Bain Pyxis Compromise: When a Frontend Credential Owns Eleven Databases and the Identity Plane
This case is easy to explain and dangerous for the same reason: Bain Pyxis shipped a live AI service-account credential inside a public frontend bundle. CodeWall used that one login to enter production in 18 minutes, query 11 databases through raw-SQL and model-connected tools, and then write into Bain's Okta tenant through a separate GraphQL path.
One leaked service account became the key to data, conversations, prompts, and identity. The lesson is to treat an AI platform's service account like a production admin account: never ship it to the browser, never let it span the whole data layer, and never let it reach the IdP write plane.
Threat Analysis
- Step 1: download the public frontend and pull out the password. Pyxis shipped a real AI service-account username/password inside a JS bundle that any browser could download. CodeWall used that credential and reached production in 18 minutes. The first failure was simple: a live secret was left in a public file.
- Step 2: discover that the same account can see almost everything. That one service account had read/write across 11 databases and hundreds of roles. It reached consumer-transaction data, client schemas, AI conversations, and the Pyxis system prompt table.
- Step 3: turn the foothold into direct data access. A Pyxis API endpoint accepted raw SQL and returned database errors, and platform LLM functions could query live production tables. In practice, the leaked credential turned the AI platform into a front door for the database.
- Step 4: pivot from data theft to identity takeover. A separate GraphQL path allowed account creation and directory writes inside Bain's Okta tenant without a new privileged approval step. The attacker could move from reading data to creating lasting access.
- Why this matters: activity logs held full JWTs, export features accepted attacker-chosen destinations, and one API could clone the whole database. This was not just a read-only leak; it was a full tamper-and-persist path built around one over-privileged service account.
Applicable AIDEFEND Defenses (5)
What Defenders Should Do Now
- Rotate every AI service-account credential, then audit git history, frontend build artifacts, and config-as-code repos for any residual copies; assume anything shipped to a browser is already leaked.

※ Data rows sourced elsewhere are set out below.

lemma Legendre_three:
  fixes p :: int
  assumes "prime p" "p mod 4 = 1" "p mod 3 = 2"
  shows "Legendre 3 p = -1"
proof -
  have "2 < p" using prime_gt_1_int[OF assms(1)] assms(2) by presburger
  have "Legendre p 3 * Legendre 3 p = (- 1) ^ nat ((p - 1) div 2 * ((3 - 1) div 2))"
    by (rule Quadratic_Reciprocity_int)
       (use assms \<open>2 < p\<close> in \<open>auto simp: prime_nat_iff_prime\<close>)
  also have "nat ((p - 1) div 2 * ((3 - 1) div 2)) = 2 * nat ((p - 1) div 4)"
  proof -
    have "(p - 1) div 2 = 2 * ((p - 1) div 4)" using assms(2) by presburger
    then show ?thesis using \<open>2 < p\<close> by (simp add: nat_mult_distrib)
  qed
  finally have reciprocity: "Legendre p 3 * Legendre 3 p = 1"
    by (simp add: power_mult)
  have "\<not> QuadRes 3 2"
  proof
    assume "QuadRes 3 2"
    then obtain y :: int where "[y^2 = 2] (mod 3)" unfolding QuadRes_def by blast
    then have "(y mod 3)^2 mod 3 = 2" by (simp add: cong_def power_mod)
    moreover have "y mod 3 \<in> {0, 1, 2}" by auto
    ultimately show False by auto
  qed
  then have "Legendre 2 3 = -1" unfolding Legendre_def by (simp add: cong_def)
  moreover have "Legendre p 3 = Legendre 2 3"
    using assms(3) by (intro Legendre_cong) (simp add: cong_def)
  ultimately show ?thesis using reciprocity by simp
qed

lemma QNR_iff_Legendre: "QNR p a \<longleftrightarrow> Legendre a p = -1"
  unfolding QNR_def Legendre_def by simp

lemma fourth_root_of_minus_one:
  fixes p a :: int
  assumes "prime p" "p mod 8 = 1" "Legendre a p = -1"
  obtains z where "[z ^ 4 = -1] (mod p)"
proof -
  have "2 < p" using prime_gt_1_int[OF assms(1)] assms(2) by presburger
  define N where "N = nat (p div 8)"
  have "int (8 * N + 1) = p" using assms(2) \<open>2 < p\<close> unfolding N_def by simp presburger
  then have "(nat p - 1) div 2 = 4 * N" by auto
  then have "[(a ^ N) ^ 4 = -1] (mod p)"
    using euler_criterion_int[OF assms(1) \<open>2 < p\<close>, of a] assms(3)
    by (simp add: power_mult[symmetric] mult.commute cong_sym)
  then show ?thesis by (rule that)
qed

lemma Legendre_minus_one_eq_one:
  fixes p :: int
  assumes "2 < p" "[z ^ 4 = -1] (mod p)"
  shows "Legendre (-1) p = 1"
proof -
  have "[(z^2)^2 = -1] (mod p)" using assms(2) by (simp flip: power_mult)
  then have "QuadRes p (-1)" unfolding QuadRes_def by blast
  moreover have "\<not> [-1 = 0] (mod p)" using assms(1) by (simp add: cong_def zmod_minus1)
  ultimately show ?thesis unfolding Legendre_def by simp
qed

lemma Legendre_two_eq_one:
  fixes p :: int
  assumes "2 < p" "[z ^ 4 = -1] (mod p)"
  shows "Legendre 2 p = 1"
proof -
  have "(z - z^3)^2 - 2 = (z^2 - 2) * (z^4 + 1)" by (simp add: eval_nat_numeral algebra_simps)
  moreover have "p dvd z^4 + 1" using assms(2) by (simp add: cong_iff_dvd_diff)
  ultimately have "[(z - z^3)^2 = 2] (mod p)" by (simp add: cong_iff_dvd_diff)
  then have "QuadRes p 2" unfolding QuadRes_def by blast
  moreover have "\<not> [2 = 0] (mod p)" using assms(1) by (simp add: cong_def)
  ultimately show ?thesis unfolding Legendre_def by simp
qed

lemma QNR_if_double_cong_minus_27:
  fixes p a :: int
  assumes "prime p" "p mod 8 = 1" "p mod 3 = 2" "[2 * a = -27] (mod p)"
  shows "QNR p a"
proof -
  have "2 < p" using prime_gt_1_int[OF assms(1)] assms(2) by presburger
  have "p mod 4 = 1" using assms(2) by presburger
  then have three: "Legendre 3 p = -1" using Legendre_three assms(1,3) by blast
  obtain z where z: "[z ^ 4 = -1] (mod p)" using fourth_root_of_minus_one[OF assms(1,2) three] .
  have "Legendre 2 p * Legendre a p = Legendre (-27) p"
    using Legendre_mult[OF assms(1) \<open>2 < p\<close>] Legendre_cong[OF assms(4)] by simp
  also have "Legendre (-27) p = Legendre (-1) p * Legendre 3 p * Legendre 3 p * Legendre 3 p"
    using Legendre_mult[OF assms(1) \<open>2 < p\<close>, of "-1 * 3 * 3" 3]
      Legendre_mult[OF assms(1) \<open>2 < p\<close>, of "-1 * 3" 3]
      Legendre_mult[OF assms(1) \<open>2 < p\<close>, of "-1" 3]
    by simp
  finally show ?thesis
    unfolding QNR_iff_Legendre
    using three Legendre_two_eq_one[OF \<open>2 < p\<close> z] Legendre_minus_one_eq_one[OF \<open>2 < p\<close> z]
    by simp
qed

lemma fermat_theorem_int:
  fixes p z :: int
  assumes "prime p" "\<not> p dvd z"
  shows "[z ^ (nat p - 1) = 1] (mod p)"
proof -
  have "0 < z mod p" "z mod p < p"
    using assms prime_gt_1_int[OF assms(1)] by (auto simp: dvd_eq_mod_eq_0 order_le_neq_trans)
  then have "[nat (z mod p) ^ (nat p - 1) = 1] (mod nat p)"
    using assms(1) nat_dvd_not_less[of "nat (z mod p)" "nat p"]
    by (intro fermat_theorem) (auto simp: prime_nat_iff_prime)
  then have "[(z mod p) ^ (nat p - 1) = 1] (mod p)"
    using prime_gt_1_int[OF assms(1)] by (simp add: cong_int_iff[symmetric])
  then show ?thesis by (simp add: cong_def power_mod)
qed

lemma cube_root_of_unity_trivial:
  fixes p z :: int
  assumes "prime p" "p mod 3 = 2" "[z ^ 3 = 1] (mod p)"
  shows "[z = 1] (mod p)"
proof -
  have "\<not> p dvd z"
  proof
    assume "p dvd z"
    then have "p dvd z ^ 3" by (simp add: power3_eq_cube)
    then have "p dvd 1" using assms(3) by (simp add: cong_dvd_iff)
    then show False using assms(1) not_prime_unit by blast
  qed
  define K where "K = nat (p div 3)"
  have "int (3 * K + 2) = p"
    using assms(2) prime_gt_1_int[OF assms(1)] unfolding K_def by simp presburger
  then have "nat p - 1 = 3 * K + 1" by auto
  then have "z ^ (nat p - 1) = (z ^ 3) ^ K * z"
    by (metis power_add power_mult power_one_right)
  also have "[\<dots> = 1 ^ K * z] (mod p)"
    using assms(3) by (intro cong_mult cong_pow cong_refl)
  finally have "[z ^ (nat p - 1) = z] (mod p)" by simp
  then show ?thesis using fermat_theorem_int[OF assms(1) \<open>\<not> p dvd z\<close>]
    by (metis cong_sym cong_trans)
qed

section \<open>Prime values of two linear polynomials\<close>

lemma linear_poly_admissible:
  fixes a b :: int
  assumes "b > 0"
  shows "degree [:a, b:] > 0 \<and> irreducible (map_poly (of_int :: int \<Rightarrow> rat) [:a, b:])
    \<and> lead_coeff [:a, b:] > 0"
proof -
  have "irreducible [:of_int a, of_int b :: rat:]"
    using assms by (intro irreducible_linear_field_poly) simp
  then show ?thesis using assms by (simp add: map_poly_pCons)
qed
lemma cspan_csubspace: "csubspace (cspan X)"
  unfolding csubspace_def
proof (intro conjI ballI allI)
  show "0 \<in> cspan X" unfolding cspan_def by (rule CollectI, rule exI[of _ "{}"]) simp
next
  fix x y assume "x \<in> cspan X" "y \<in> cspan X"
  then obtain F c G d where F: "finite F" "F \<subseteq> X" "x = (\<Sum>v\<in>F. scaleC (c v) v)"
    and G: "finite G" "G \<subseteq> X" "y = (\<Sum>v\<in>G. scaleC (d v) v)"
    unfolding cspan_def by blast
  define c' where "c' v = (if v \<in> F then c v else 0)" for v
  define d' where "d' v = (if v \<in> G then d v else 0)" for v
  have "x = (\<Sum>v\<in>F \<union> G. scaleC (c' v) v)"
    unfolding F(3) using F(1) G(1) by (intro sum.mono_neutral_cong_left) (auto simp: c'_def)
  moreover have "y = (\<Sum>v\<in>F \<union> G. scaleC (d' v) v)"
    unfolding G(3) using F(1) G(1) by (intro sum.mono_neutral_cong_left) (auto simp: d'_def)
  ultimately have "x + y = (\<Sum>v\<in>F \<union> G. scaleC (c' v + d' v) v)"
    by (simp add: scaleC_add_left sum.distrib)
  then show "x + y \<in> cspan X"
    unfolding cspan_def using F G by (intro CollectI exI[of _ "F \<union> G"] exI) auto
next
  fix a x assume "x \<in> cspan X"
  then obtain F c where F: "finite F" "F \<subseteq> X" "x = (\<Sum>v\<in>F. scaleC (c v) v)"
    unfolding cspan_def by blast
  have "scaleC a x = (\<Sum>v\<in>F. scaleC (a * c v) v)"
    unfolding F(3) by (induction F rule: infinite_finite_induct)
      (simp_all add: scaleC_add_right scaleC_scaleC)
  then show "scaleC a x \<in> cspan X" unfolding cspan_def using F by (intro CollectI exI) auto
qed

lemma in_cspan: "\<xi> \<in> X \<Longrightarrow> \<xi> \<in> cspan X"
  unfolding cspan_def
  by (rule CollectI, rule exI[of _ "{\<xi>}"], rule exI[of _ "\<lambda>_. 1"]) (simp add: scaleC_one)

lemma cspan_subset:
  assumes "csubspace M" "X \<subseteq> M"
  shows "cspan X \<subseteq> M"
proof
  fix x assume "x \<in> cspan X"
  then obtain F c where "F \<subseteq> X" "x = (\<Sum>v\<in>F. scaleC (c v) v)" unfolding cspan_def by blast
  then show "x \<in> M" using assms by (auto intro!: csubspace_sum csubspace_scaleC)
qed

lemma closure_csubspace:
  fixes S :: "'a::complex_inner set"
  assumes "csubspace S"
  shows "csubspace (closure S)"
  unfolding csubspace_def
proof (intro conjI ballI allI)
  show "0 \<in> closure S" using csubspace_zero[OF assms] closure_subset by blast
next
  fix x y assume "x \<in> closure S" "y \<in> closure S"
  then obtain f g where f: "\<forall>n. f n \<in> S" "f \<longlonglongrightarrow> x" and g: "\<forall>n. g n \<in> S" "g \<longlonglongrightarrow> y"
    unfolding closure_sequential by blast
  have "\<forall>n. f n + g n \<in> S" using f g csubspace_add[OF assms] by blast
  moreover have "(\<lambda>n. f n + g n) \<longlonglongrightarrow> x + y" using f g by (intro tendsto_add) auto
  ultimately show "x + y \<in> closure S"
    unfolding closure_sequential by (intro exI[of _ "\<lambda>n. f n + g n"] conjI)
next
  fix c x assume "x \<in> closure S"
  then obtain f where f: "\<forall>n. f n \<in> S" "f \<longlonglongrightarrow> x" unfolding closure_sequential by blast
  have "\<forall>n. scaleC c (f n) \<in> S" using f csubspace_scaleC[OF assms] by blast
  moreover have "(\<lambda>n. scaleC c (f n)) \<longlonglongrightarrow> scaleC c x"
    using bounded_linear.tendsto[OF bounded_linear_scaleC f(2)] .
  ultimately show "scaleC c x \<in> closure S"
    unfolding closure_sequential by (intro exI[of _ "\<lambda>n. scaleC c (f n)"] conjI)
qed

lemma closed_cspan_csubspace: "csubspace (closed_cspan X)"
  unfolding closed_cspan_def by (intro closure_csubspace cspan_csubspace)

lemma closed_closed_cspan: "closed (closed_cspan X)"
  unfolding closed_cspan_def by simp

lemma subset_closed_cspan: "X \<subseteq> closed_cspan X"
  unfolding closed_cspan_def using in_cspan closure_subset by blast

lemma closed_cspan_subset: "csubspace M \<Longrightarrow> closed M \<Longrightarrow> X \<subseteq> M \<Longrightarrow> closed_cspan X \<subseteq> M"
  unfolding closed_cspan_def by (intro closure_minimal cspan_subset)

lemma range_idempotent_subset_cspan:
  assumes r: "bop r" "\<And>x. r (r x) = r x"
  shows "range r \<subseteq> cspan {\<xi>. norm \<xi> = 1 \<and> r \<xi> = \<xi>}"
proof
  fix y assume "y \<in> range r"
  then have ry: "r y = y" using r(2) by auto
  show "y \<in> cspan {\<xi>. norm \<xi> = 1 \<and> r \<xi> = \<xi>}"
  proof (cases "y = 0")
    case True
    then show ?thesis using csubspace_zero[OF cspan_csubspace] by simp
  next
    case False
    define \<xi> where "\<xi> = scaleC (complex_of_real (1 / norm y)) y"
    have "cmod (complex_of_real (1 / norm y)) = 1 / norm y" by (simp only: norm_of_real) simp
    then have "norm \<xi> = 1" using False by (simp add: \<xi>_def norm_scaleC)
    moreover have "r \<xi> = \<xi>" by (simp add: \<xi>_def bop_scaleC[OF r(1)] ry)
    ultimately have "scaleC (complex_of_real (norm y)) \<xi> \<in> cspan {\<xi>. norm \<xi> = 1 \<and> r \<xi> = \<xi>}"
      by (intro csubspace_scaleC[OF cspan_csubspace] in_cspan) simp
    moreover have "complex_of_real (norm y) * complex_of_real (1 / norm y) = 1"
      using False by (simp flip: of_real_mult)
    then have "scaleC (complex_of_real (norm y)) \<xi> = y"
      by (simp only: \<xi>_def scaleC_scaleC scaleC_one)
    ultimately show ?thesis by simp
  qed
qed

- Re-scope every AI service account to the minimum per-asset-class permission set. No account should hold read/write across your whole AI data layer just because the platform is convenient to build that way.
- Separate the AI platform's credentials from any IdP write path. An AI backend should never be able to mutate your Okta, Azure AD, or Google Workspace directory on its own.
- Audit every LLM function and tool the platform exposes — gate each call by data class, action type, and destination. Retire any 'run SQL on prod' catch-all primitive and any bulk-export endpoint that accepts attacker-controlled destinations.
- Add secret-scanning to your frontend release gate and wire autonomous red-team testing into release / drift checks. Bain's leaked credential was in production long enough that a passive scanner found it; a traditional pentest did not.
2 additional considerations
Frontend build secret detection as a release gate
Autonomous offensive testing as a routine operational control
Conclusion
Bain Pyxis shows how fast an AI platform collapses when a frontend secret is really a production admin key. The model was not the first thing attacked; the identity behind it was. Once that identity could touch databases, prompts, export paths, and Okta, an ordinary credential leak turned into full AI-platform compromise. AIDEFEND 's IAM, tool-authorization, multi-tenant-isolation, and system-prompt hardening techniques cover the defensive floor; the operational lesson is that an AI platform's service account must be scoped, audited, and monitored like the most privileged database admin in the environment.